Lines holding the word "using": how many does the material below have? Answer with nothing but the number.

*DATA SHOWN*.
= Beginning of Section =

theorem lemma3p12:
  fixes p q :: real and M N :: "'a set" and b :: 'a and d :: "'a \<Rightarrow> 'a \<Rightarrow> real"
    and a :: "'a \<Rightarrow> real" and par :: "'a \<Rightarrow> 'a"
  assumes "0 < p" "p \<le> q" "q \<le> 1"
    and "finite M" "rmetric_on q M d"
    and "b \<in> N" "N \<subseteq> M"
    and "\<forall>x. x \<notin> N - {b} \<longrightarrow> a x = 0"
    and "is_rooted_tree M b par"
  shows "Ttree p M b par (dT q M b par d) a = Ttree p M b par d a
    \<and> Fnorm p (dT q M b par d) b N (N - {b}) a \<ge> Fnorm p d b N (N - {b}) a
    \<and> ((Ttree p M b par d a = 1 \<and> Fnorm p d b M (N - {b}) a = 1
         \<and> amen p d b N M = ereal (Fnorm p d b N (N - {b}) a))
       \<longrightarrow> amen p d b N M
             \<le> ereal (Fnorm p (dT q M b par d) b N (N - {b}) a / Ttree p M b par (dT q M b par d) a)
         \<and> ereal (Fnorm p (dT q M b par d) b N (N - {b}) a / Ttree p M b par (dT q M b par d) a)
             \<le> amen p (dT q M b par d) b N M)"
proof -
  note p = assms(1) and fin = assms(4) and d = assms(5) and bN = assms(6) and NM = assms(7)
    and a = assms(8) and T = assms(9)
  have q: "0 < q" using assms(1,2) by linarith
  have Ttree_eq: "Ttree p M b par (dT q M b par d) a = Ttree p M b par d a"
    by (rule Ttree_dT[OF T d q])
  have finN: "finite (N - {b})" using fin NM finite_subset by blast
  have Fnorm_N: "Fnorm p d b N (N - {b}) a \<le> Fnorm p (dT q M b par d) b N (N - {b}) a"
    by (rule Fnorm_mono[OF p bN _ finN])
      (use NM in \<open>auto intro: rmetric_on_nonneg[OF d] le_dT[OF T fin d q]\<close>)
  have Fnorm_M: "Fnorm p (dT q M b par d) b M (N - {b}) a \<le> Ttree p M b par d a"
    using Fnorm_le_Ttree[OF T fin p, of "N - {b}" a "dT q M b par d"] NM a Ttree_eq
    by (auto simp: dT_def)
  show ?thesis
    using Ttree_eq Fnorm_N Fnorm_M ereal_Fnorm_le_amen[of p "dT q M b par d" b M N a] by auto
qed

= End of Section =

*RESPONSE BOX*. 4